For the implementation we recommend Java or C as programming language and Oracle, Postgres, or MySQL as database system, but you are free to choose any other programming language and relational database system. For the evaluation, the following data sets of different size (200K, 400K, 600K, 800K, 1000K of tuples) are available here ("nn" indicates the size of the data set, e.g., 02 = 200000 tuples):
- data-seq-nn: Sequential tuples, i.e., the timestamps of the tuples are disjoint.
- data-equal-nn: All tuples have the same timestamp.
- data-random-nn: Start time and duration of the tuples are uniformly distributed.
- data-worst-nn: All start and end points are different, and there is a time interval (in the middle) where all tuples hold.
Milestones
- WE, 06.03.13: Presentation of the project and the research papers.
- WE, 13.03.13: Read the research papers and choose one for the implementation.
- WE, 27.03.13: Study the research paper in detail.
- WE, 17.04.13: Develop a first running prototype.
- WE, 08.05.13: Finalize the implementation.

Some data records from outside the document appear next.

(* Let $\Theta\subseteq\mathbb{R}^p$ be open and $\theta\mapsto|\psi_\theta\rangle$ a differentiable family of unit vectors in $\mathbb{C}^d$, with $\rho_\theta=|\psi_\theta\rangle\langle\psi_\theta|$, and let $\theta_0\in\Theta$. Then equality in the quantum Cramér–Rao inequality is attainable at $\theta_0$ (equivalently, Matsumoto's condition $\mathrm{Im}\langle l_j(\theta_0)|l_k(\theta_0)\rangle=0$ for all $j,k$ holds) if and only if $\mathrm{Im}\langle\psi^{(j)}_{\theta_0}|\psi^{(k)}_{\theta_0}\rangle=0$ for all $j,k$, where $|\psi^{(j)}_\theta\rangle=\partial|\psi_\theta\rangle/\partial\theta^j$.
   Context: For $j=1,\dots,p$ let $\lambda^j_\theta$ be a Hermitian solution of $\frac{\partial\rho_\theta}{\partial\theta^j}=\frac12(\rho_\theta\lambda^j_\theta+\lambda^j_\theta\rho_\theta)$ (symmetric logarithmic derivative), and $|l_j(\theta)\rangle=\lambda^j_\theta|\psi_\theta\rangle$ (independent of the choice of $\lambda^j_\theta$). The SLD quantum information is the matrix $(H_\theta)_{jk}=\mathrm{Re}\,\mathrm{tr}\{\lambda^j_\theta\rho_\theta\lambda^k_\theta\}$. The quantum Cramér–Rao inequality states that for a POVM with unbiased estimator $\hat\theta$, $E[(\hat\theta-\theta)(\hat\theta-\theta)^T]\ge H_\theta^{-1}$; by a theorem of Matsumoto, for pure-state families there exist a POVM and estimator achieving equality at $\theta_0$ if and only if $\mathrm{Im}\langle l_j(\theta_0)|l_k(\theta_0)\rangle=0$ for all $j,k$. *)

theory Defs
  imports "HOL-Analysis.Analysis"
begin

definition cinner :: "complex^'d \<Rightarrow> complex^'d \<Rightarrow> complex" where
  "cinner u v = (\<Sum>i\<in>UNIV. cnj (u $ i) * v $ i)"

definition ketbra :: "complex^'d \<Rightarrow> complex^'d^'d" where
  "ketbra u = (\<chi> i k. u $ i * cnj (u $ k))"

definition adjoint :: "complex^'d^'d \<Rightarrow> complex^'d^'d" where
  "adjoint A = (\<chi> i k. cnj (A $ k $ i))"

definition hermitian :: "complex^'d^'d \<Rightarrow> bool" where
  "hermitian A \<longleftrightarrow> adjoint A = A"

definition partial_deriv :: "(real^'p \<Rightarrow> 'b::real_normed_vector) \<Rightarrow> real^'p \<Rightarrow> 'p \<Rightarrow> 'b" where
  "partial_deriv f x j = frechet_derivative f (at x) (axis j 1)"

definition is_SLD :: "(real^'p \<Rightarrow> complex^'d^'d) \<Rightarrow> real^'p \<Rightarrow> 'p \<Rightarrow> complex^'d^'d \<Rightarrow> bool" where
  "is_SLD rho x j lam \<longleftrightarrow> hermitian lam \<and>
     partial_deriv rho x j = (1/2::real) *\<^sub>R (rho x ** lam + lam ** rho x)"

end

theory Submission imports Defs begin

text \<open>
  Write \<open>p = \<psi>(\<theta>\<^sub>0)\<close>, \<open>d\<^sub>j = \<partial>\<^sub>j\<psi>(\<theta>\<^sub>0)\<close> and \<open>s\<^sub>j = \<langle>p|d\<^sub>j\<rangle>\<close>. Since \<open>\<psi>\<close> stays on the unit
  sphere, \<open>s\<^sub>j\<close> is purely imaginary. Applying the SLD equation
  \<open>|d\<^sub>j\<rangle>\<langle>p| + |p\<rangle>\<langle>d\<^sub>j| = (\<rho>\<lambda>\<^sub>j + \<lambda>\<^sub>j\<rho>)/2\<close> to \<open>p\<close> determines \<open>\<lambda>\<^sub>jp\<close> completely:
  \<open>l\<^sub>j = 2d\<^sub>j - 2s\<^sub>jp\<close>. Hence \<open>\<langle>l\<^sub>j|l\<^sub>k\<rangle> = 4(\<langle>d\<^sub>j|d\<^sub>k\<rangle> - s\<^sub>j\<^sup>* s\<^sub>k)\<close>, and \<open>s\<^sub>j\<^sup>* s\<^sub>k\<close> is real,
  so the imaginary parts vanish simultaneously.
\<close>

definition outer :: "complex^'d \<Rightarrow> complex^'d \<Rightarrow> complex^'d^'d" where
  "outer u w = (\<chi> i k. u $ i * cnj (w $ k))"

lemma ketbra_eq_outer: "ketbra u = outer u u"
  by (simp add: ketbra_def outer_def)

lemma bounded_bilinear_outer: "bounded_bilinear (outer :: complex^'d \<Rightarrow> _)"
proof -
  have "bilinear (outer :: complex^'d \<Rightarrow> _)"
    unfolding bilinear_def linear_iff outer_def
    by (auto simp: vec_eq_iff vector_scaleR_component algebra_simps)
  then show ?thesis by (simp add: bilinear_conv_bounded_bilinear)
qed

lemma bounded_bilinear_cinner: "bounded_bilinear (cinner :: complex^'d \<Rightarrow> _)"
proof -
  have "bilinear (cinner :: complex^'d \<Rightarrow> _)"
    unfolding bilinear_def linear_iff cinner_def
    by (auto simp: vector_scaleR_component algebra_simps sum.distrib scaleR_sum_right)
  then show ?thesis by (simp add: bilinear_conv_bounded_bilinear)
qed

lemma cinner_self_eq_norm: "cinner u u = of_real ((norm u)\<^sup>2)"
proof -
  have "(norm u)\<^sup>2 = (\<Sum>i\<in>UNIV. (norm (u $ i))\<^sup>2)"
    unfolding norm_vec_def L2_set_def by (simp add: sum_nonneg)
  then show ?thesis unfolding cinner_def
    by (simp add: of_real_sum complex_norm_square[unfolded of_real_power] mult.commute)
qed

lemma cinner_commute: "cinner u v = cnj (cinner v u)"
  unfolding cinner_def by (simp add: mult.commute)

lemma cinner_add_right: "cinner u (v + w) = cinner u v + cinner u w"
  unfolding cinner_def by (simp add: algebra_simps sum.distrib)

lemma cinner_diff_right: "cinner u (v - w) = cinner u v - cinner u w"
  unfolding cinner_def by (simp add: algebra_simps sum_subtractf)

lemma cinner_diff_left: "cinner (u - v) w = cinner u w - cinner v w"
  unfolding cinner_def by (simp add: algebra_simps sum_subtractf)

lemma cinner_smult_right: "cinner u (c *s v) = c * cinner u v"
  unfolding cinner_def by (simp add: sum_distrib_left algebra_simps)

lemma cinner_smult_left: "cinner (c *s u) v = cnj c * cinner u v"
  unfolding cinner_def by (simp add: sum_distrib_left algebra_simps)

lemma outer_mult_vec: "outer u w *v v = cinner w v *s u"
  by (simp add: vec_eq_iff outer_def matrix_vector_mult_def cinner_def sum_distrib_left
      algebra_simps)

lemma partial_deriv_ketbra:
  assumes "\<psi> differentiable (at x)"
  shows "partial_deriv (\<lambda>y. ketbra (\<psi> y)) x j
    = outer (\<psi> x) (partial_deriv \<psi> x j) + outer (partial_deriv \<psi> x j) (\<psi> x)"
proof -
  let ?D = "frechet_derivative \<psi> (at x)"
  have \<psi>': "(\<psi> has_derivative ?D) (at x)"
    using assms by (simp add: frechet_derivative_works)
  have "((\<lambda>y. ketbra (\<psi> y)) has_derivative (\<lambda>h. outer (\<psi> x) (?D h) + outer (?D h) (\<psi> x)))
      (at x)"
    unfolding ketbra_eq_outer by (rule bounded_bilinear.FDERIV[OF bounded_bilinear_outer \<psi>' \<psi>'])
  then show ?thesis
    unfolding partial_deriv_def by (simp add: frechet_derivative_at[symmetric])
qed

lemma Re_cinner_partial_deriv_unit:
  assumes "open S" "x \<in> S" "\<psi> differentiable (at x)" "\<And>y. y \<in> S \<Longrightarrow> norm (\<psi> y) = 1"
  shows "Re (cinner (\<psi> x) (partial_deriv \<psi> x j)) = 0"
proof -
  let ?D = "frechet_derivative \<psi> (at x)"
  have \<psi>': "(\<psi> has_derivative ?D) (at x)"
    using assms(3) by (simp add: frechet_derivative_works)
  have has_D: "((\<lambda>y. cinner (\<psi> y) (\<psi> y))
      has_derivative (\<lambda>h. cinner (\<psi> x) (?D h) + cinner (?D h) (\<psi> x))) (at x)"
    by (rule bounded_bilinear.FDERIV[OF bounded_bilinear_cinner \<psi>' \<psi>'])
  have has_0: "((\<lambda>y. cinner (\<psi> y) (\<psi> y)) has_derivative (\<lambda>h. 0)) (at x)"
    by (rule has_derivative_transform_within_open[OF has_derivative_const assms(1,2)])
      (simp add: cinner_self_eq_norm assms(4))
  have "cinner (\<psi> x) (?D h) + cinner (?D h) (\<psi> x) = 0" for h
    using has_derivative_unique[OF has_D has_0] by meson
  then have "cinner (\<psi> x) (partial_deriv \<psi> x j) + cnj (cinner (\<psi> x) (partial_deriv \<psi> x j)) = 0"
    unfolding partial_deriv_def by (metis cinner_commute)
  then show ?thesis
    by (metis complex_add_cnj mult_eq_0_iff of_real_eq_0_iff zero_neq_numeral)
qed

lemma scaleR_matrix_vector_mult:
  fixes A :: "'a::real_algebra_1^'n^'m"
  shows "(r *\<^sub>R A) *v v = r *\<^sub>R (A *v v)"
  by (simp add: vec_eq_iff matrix_vector_mult_def scaleR_sum_right)

text \<open>The SLD is not unique, but its action on the pure state is.\<close>

lemma SLD_mult_pure_state:
  fixes p d :: "complex^'d" and L :: "complex^'d^'d"
  assumes unit: "cinner p p = 1" and tangent: "Re (cinner p d) = 0"
    and SLD: "outer p d + outer d p = (1/2::real) *\<^sub>R (outer p p ** L + L ** outer p p)"
  shows "L *v p = 2 *s d - (2 * cinner p d) *s p"
proof -
  define s where "s = cinner p d"
  define l where "l = L *v p"
  define c where "c = cinner p l"
  have "(outer p d + outer d p) *v p = (1/2::real) *\<^sub>R ((outer p p ** L + L ** outer p p) *v p)"
    using SLD by (simp add: scaleR_matrix_vector_mult)
  then have "cnj s *s p + d = (1/2::real) *\<^sub>R (c *s p + l)"
    by (simp add: algebra_simps outer_mult_vec unit s_def c_def l_def cinner_commute[of d p]
        flip: matrix_vector_mul_assoc)
  then have "cnj s * p $ i + d $ i = (1/2::real) *\<^sub>R (c * p $ i + l $ i)" for i
    by (simp only: vec_eq_iff vector_add_component vector_scaleR_component vector_smult_component)
  then have "l $ i = 2 * d $ i + (2 * cnj s - c) * p $ i" for i
    by (simp add: scaleR_conv_of_real field_simps)
  then have l_eq: "l = 2 *s d + (2 * cnj s - c) *s p"
    by (simp add: vec_eq_iff left_diff_distrib)
  have "c = cinner p (2 *s d + (2 * cnj s - c) *s p)"
    using c_def l_eq by metis
  also have "\<dots> = 2 * s + 2 * cnj s - c"
    by (simp add: cinner_add_right cinner_diff_right cinner_smult_right unit s_def algebra_simps)
  finally have "2 * c = 2 * (s + cnj s)" by (simp add: algebra_simps)
  also have "\<dots> = 0" using tangent complex_add_cnj s_def by simp
  finally have "c = 0" by simp
  moreover have "cnj s = - s" using tangent by (simp add: s_def complex_eq_iff)
  ultimately show ?thesis by (simp add: l_def[symmetric] l_eq s_def vector_sadd_rdistrib)
qed

lemma Im_cinner_tangent_projections:
  fixes p d e :: "complex^'d"
  assumes unit: "cinner p p = 1" and "Re (cinner p d) = 0" and "Re (cinner p e) = 0"
  shows "Im (cinner (2 *s d - (2 * cinner p d) *s p) (2 *s e - (2 * cinner p e) *s p))
    = 4 * Im (cinner d e)"
proof -
  have "cinner (2 *s d - (2 * cinner p d) *s p) (2 *s e - (2 * cinner p e) *s p)
      = 4 * cinner d e - 4 * cnj (cinner p d) * cinner p e"
    by (simp add: cinner_diff_left cinner_diff_right cinner_smult_left cinner_smult_right
        cinner_commute[of d p] unit algebra_simps)
  then show ?thesis using assms(2,3) by simp
qed

theorem lemma4p1:
  fixes Th :: "(real^'p) set"
    and \<psi> :: "real^'p \<Rightarrow> complex^'d"
    and \<theta>0 :: "real^'p"
    and lam :: "'p \<Rightarrow> complex^'d^'d"
  assumes "open Th"
    and "\<And>\<theta>. \<theta> \<in> Th \<Longrightarrow> \<psi> differentiable (at \<theta>)"
    and "\<And>\<theta>. \<theta> \<in> Th \<Longrightarrow> norm (\<psi> \<theta>) = 1"
    and "\<theta>0 \<in> Th"
    and "\<And>j. is_SLD (\<lambda>\<theta>. ketbra (\<psi> \<theta>)) \<theta>0 j (lam j)"
  shows "(\<forall>j k. Im (cinner (lam j *v \<psi> \<theta>0) (lam k *v \<psi> \<theta>0)) = 0)
     \<longleftrightarrow> (\<forall>j k. Im (cinner (partial_deriv \<psi> \<theta>0 j) (partial_deriv \<psi> \<theta>0 k)) = 0)"
proof -
  define p where "p = \<psi> \<theta>0"
  define d where "d j = partial_deriv \<psi> \<theta>0 j" for j
  have unit: "cinner p p = 1"
    using assms(3,4) by (simp add: p_def cinner_self_eq_norm)
  have tangent: "Re (cinner p (d j)) = 0" for j
    unfolding p_def d_def using Re_cinner_partial_deriv_unit assms(1-4) by blast
  have "outer p (d j) + outer (d j) p = (1/2::real) *\<^sub>R (outer p p ** lam j + lam j ** outer p p)"
    for j
    using assms(5)[of j] partial_deriv_ketbra[OF assms(2)[OF assms(4)]]
    by (simp add: is_SLD_def p_def d_def ketbra_eq_outer)
  then have action: "lam j *v p = 2 *s d j - (2 * cinner p (d j)) *s p" for j
    using SLD_mult_pure_state unit tangent by blast
  have "Im (cinner (lam j *v p) (lam k *v p)) = 4 * Im (cinner (d j) (d k))" for j k
    unfolding action by (rule Im_cinner_tangent_projections[OF unit tangent tangent])
  then show ?thesis by (simp add: p_def d_def)
qed

end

- WE, 15.05.13: Run experiments.
- WE, 22.05.13: Write project report.
- WE, 29.05.13: Short praesentation of projects.
Exam
- The exam is oral and consists of two parts:
- discussion about the project and the evaluation of the project report (50% of the total grade);
- questions from the TSDB course (50% of the total grade).
- Both parts must be positive to pass the exam.
- Each student will be examined individually for approx. 20-30 minutes.
- This is an open book exam, i.e. the student is allowed to use the lecture notes and additional readings in the exam.